- The grave of Lady Urania
- Died: February 11, 1275
- Burial place: Worms, Germany
- Other names: Orania, Orgiah

= Urania of Worms =

Urania bat Abraham of Worms (אורניאה/אורגיאה בת אברהם, died 11 February 1275), also known as Orania and Orgiah, was a Jewish precentress in medieval Ashkenaz (Rhineland and the Palatinate). Urania's role as a precentress, one of a handful of women known to be serving in this capacity in this region in the 13-14th centuries, is attested on her grave stone.

==Biography==
Little is known about Urania save that she died a young woman, the daughter of a Rabbi Avraham. The exact pronunciation of her name is uncertain. Rochelle Furstenberg spells the name as Urania—likely relating this woman's name to "Heavens"—while David Sperber spells her name Orania.

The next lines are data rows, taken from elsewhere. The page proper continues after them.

text \<open>The order o of integral Cayley numbers, with its norm form, is (up to isometry)
  the E8 lattice: o = Z^8 with N(x) = x^T C x / 2, C the E8 Cartan matrix
  (Gram matrix of N in (1/2) GL_8(Z), positive definite, integral).
  Dynkin edges (0-based): 0-2, 2-3, 3-4, 4-5, 5-6, 6-7, 1-3.\<close>
definition octo_norm :: "int list \<Rightarrow> int" where
  "octo_norm x = (\<Sum>i<8. (x ! i)^2)
     - (x!0 * x!2 + x!2 * x!3 + x!3 * x!4 + x!4 * x!5 + x!5 * x!6 + x!6 * x!7 + x!1 * x!3)"

text \<open>Representatives of o/No (coordinates w.r.t. a Z-basis of o).\<close>
definition octo_mod :: "nat \<Rightarrow> int list set" where
  "octo_mod N = {x. length x = 8 \<and> set x \<subseteq> {0..<int N}}"

text \<open>J_J2(chi1,chi2): sum over B = (a, x; x-bar, b) in J_2(Z/NZ) of
  chi1(det B) chi2(1 - Tr B), det B = ab - N(x), Tr B = a + b.\<close>
definition jacobi_J2 :: "nat \<Rightarrow> (int \<Rightarrow> complex) \<Rightarrow> (int \<Rightarrow> complex) \<Rightarrow> complex" where
  "jacobi_J2 N \<chi>1 \<chi>2 =
     (\<Sum>a\<in>{0..<int N}. \<Sum>b\<in>{0..<int N}. \<Sum>x\<in>octo_mod N.
        \<chi>1 (a * b - octo_norm x) * \<chi>2 (1 - (a + b)))"

definition jacobi3 :: "nat \<Rightarrow> (int \<Rightarrow> complex) \<Rightarrow> (int \<Rightarrow> complex) \<Rightarrow> (int \<Rightarrow> complex) \<Rightarrow> complex" where
  "jacobi3 N \<chi>1 \<chi>2 \<chi>3 =
     (\<Sum>a1\<in>{0..<int N}. \<Sum>a2\<in>{0..<int N}. \<chi>1 a1 * \<chi>2 a2 * \<chi>3 (1 - a1 - a2))"

end

theory Submission
  imports Defs
begin

text \<open>Everything reduces to the identity \<open>\<Sum>\<^sub>x \<chi>(c - N(x)) = N\<^sup>4 \<chi>(c)\<close>, the sum running over
  \<open>\<o>/N\<o>\<close>, which is then applied with \<open>c = ab\<close>.

  For primitive \<open>\<chi>\<close> the sum \<open>\<Sum>\<^sub>y \<chi>(c + a y)\<close> over \<open>y mod N\<close> vanishes unless \<open>N | a\<close>, so a sum of
  \<open>\<chi>(c + \<lambda>(y))\<close> over \<open>y \<in> \<o>/N\<o>\<close>, \<open>\<lambda>\<close> a linear form, vanishes unless \<open>\<lambda> \<equiv> 0\<close>. Suppose \<open>\<phi>, \<psi>\<close> are
  linear with \<open>N(x + \<phi> y) \<equiv> N(x) + \<langle>\<psi> x, y\<rangle>\<close> mod \<open>N\<close>, and \<open>\<psi> x \<equiv> 0\<close> implies \<open>N(x) \<equiv> 0\<close>; that is,
  the image of \<open>\<phi>\<close> is a maximal isotropic subgroup of \<open>\<o>/N\<o>\<close>. Averaging over the translations
  \<open>x \<mapsto> x + \<phi> y\<close> gives \<open>\<Sum>\<^sub>x \<chi>(c - N(x)) = \<kappa> \<chi>(c)\<close> with \<open>\<kappa> = #{x. \<psi> x \<equiv> 0}\<close>, and evaluating
  \<open>\<Sum>\<^sub>x\<^sub>,\<^sub>y \<chi>(c - N(x) + N(y))\<close> in two ways, once with this formula and once using that the polar form
  of \<open>N\<close> is unimodular, gives \<open>\<kappa>\<^sup>2 = N\<^sup>8\<close>.

  Such \<open>\<phi>\<close> exist: for \<open>p\<^sup>k \<parallel> N\<close> take \<open>\<phi>\<close> to be the \<open>k\<close>-th power of multiplication by an integral
  octonion of norm \<open>s\<^sup>2 + t\<^sup>2 + 1\<close> where \<open>p \<parallel> s\<^sup>2 + t\<^sup>2 + 1\<close>, and glue prime powers by the Chinese
  remainder theorem.\<close>

lemma periodic_add_mult:
  fixes f :: "int \<Rightarrow> 'b"
  assumes per: "\<And>a. f (a + m) = f a"
  shows "f (a + k * m) = f a"
proof (induction k rule: int_induct[where k = 0])
  case base
  show ?case by simp
next
  case (step1 i)
  then show ?case using per[of "a + i * m"] by (simp add: algebra_simps)
next
  case (step2 i)
  then show ?case using per[of "a + (i - 1) * m"] by (simp add: algebra_simps)
qed

lemma periodic_cong:
  fixes f :: "int \<Rightarrow> 'b"
  assumes per: "\<And>a. f (a + m) = f a" and "[a = b] (mod m)"
  shows "f a = f b"
proof -
  obtain k where "b = a + k * m"
    using \<open>[a = b] (mod m)\<close> by (metis cong_iff_lin mult.commute)
  then show ?thesis using periodic_add_mult[of f m, OF per] by simp
qed

lemma sum_affine_residues:
  fixes m u e :: int
  assumes "0 < m" and "coprime u m"
  shows "(\<Sum>k\<in>{0..<m}. g ((e + u * k) mod m)) = (\<Sum>k\<in>{0..<m}. g k)"
proof -
  let ?h = "\<lambda>k. (e + u * k) mod m"
  have inj: "inj_on ?h {0..<m}"
  proof
    fix x y assume "x \<in> {0..<m}" "y \<in> {0..<m}" "?h x = ?h y"
    moreover from \<open>?h x = ?h y\<close> have "[e + u * x = e + u * y] (mod m)"
      by (simp add: cong_def)
    then have "[u * x = u * y] (mod m)" by (simp add: cong_add_lcancel)
    then have "[x = y] (mod m)" using cong_mult_lcancel[OF \<open>coprime u m\<close>] by simp
    ultimately show "x = y" using cong_less_imp_eq_int by auto
  qed
  have "?h ` {0..<m} = {0..<m}"
    by (rule endo_inj_surj[OF _ _ inj]) (use \<open>0 < m\<close> in auto)
  then show ?thesis using sum.reindex[OF inj, of g] by simp
qed

lemma sum_progression_affine_reindex:
  fixes f :: "int \<Rightarrow> 'b::comm_monoid_add"
  assumes per: "\<And>a. f (a + d * m) = f a" and "0 < m" and "coprime u m"
  shows "(\<Sum>k\<in>{0..<m}. f (c + d * (e + u * k))) = (\<Sum>k\<in>{0..<m}. f (c + d * k))"
proof -
  have "f (c + d * (e + u * k)) = f (c + d * ((e + u * k) mod m))" for k
  proof (rule periodic_cong[of f, OF per])
    have "[e + u * k = (e + u * k) mod m] (mod m)" by (simp add: cong_def)
    then show "[c + d * (e + u * k) = c + d * ((e + u * k) mod m)] (mod d * m)"
      by (intro cong_add cong_refl) (simp add: cong_def mod_mult_mult1)
  qed
  then show ?thesis
    using sum_affine_residues[OF \<open>0 < m\<close> \<open>coprime u m\<close>, of "\<lambda>k. f (c + d * k)" e] by simp
qed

Urania died on Adar 6 (February 11), 1275, likely in the morning. Her tombstone, in the city of Worms, reads as in English follows:

This stone was first erected for this woman:

The lady Urania, the important, chosen, young woman,

Daughter of the initiated Rabbi Avraham, head of the singers, whose prayer [was] as beauty,

In the glory of his voice, for the sake of his nation, in the melody of a plea,

Whereas she too, with the sound of song, would sing for women:

Prayer-poems and, as a plea for her, she would become guarded.

But on the sixth day of Adar, on the first day, her soul was consumed, and on the seventh day of this, she was buried.

In Eden is her rest; she shall be remembered for good.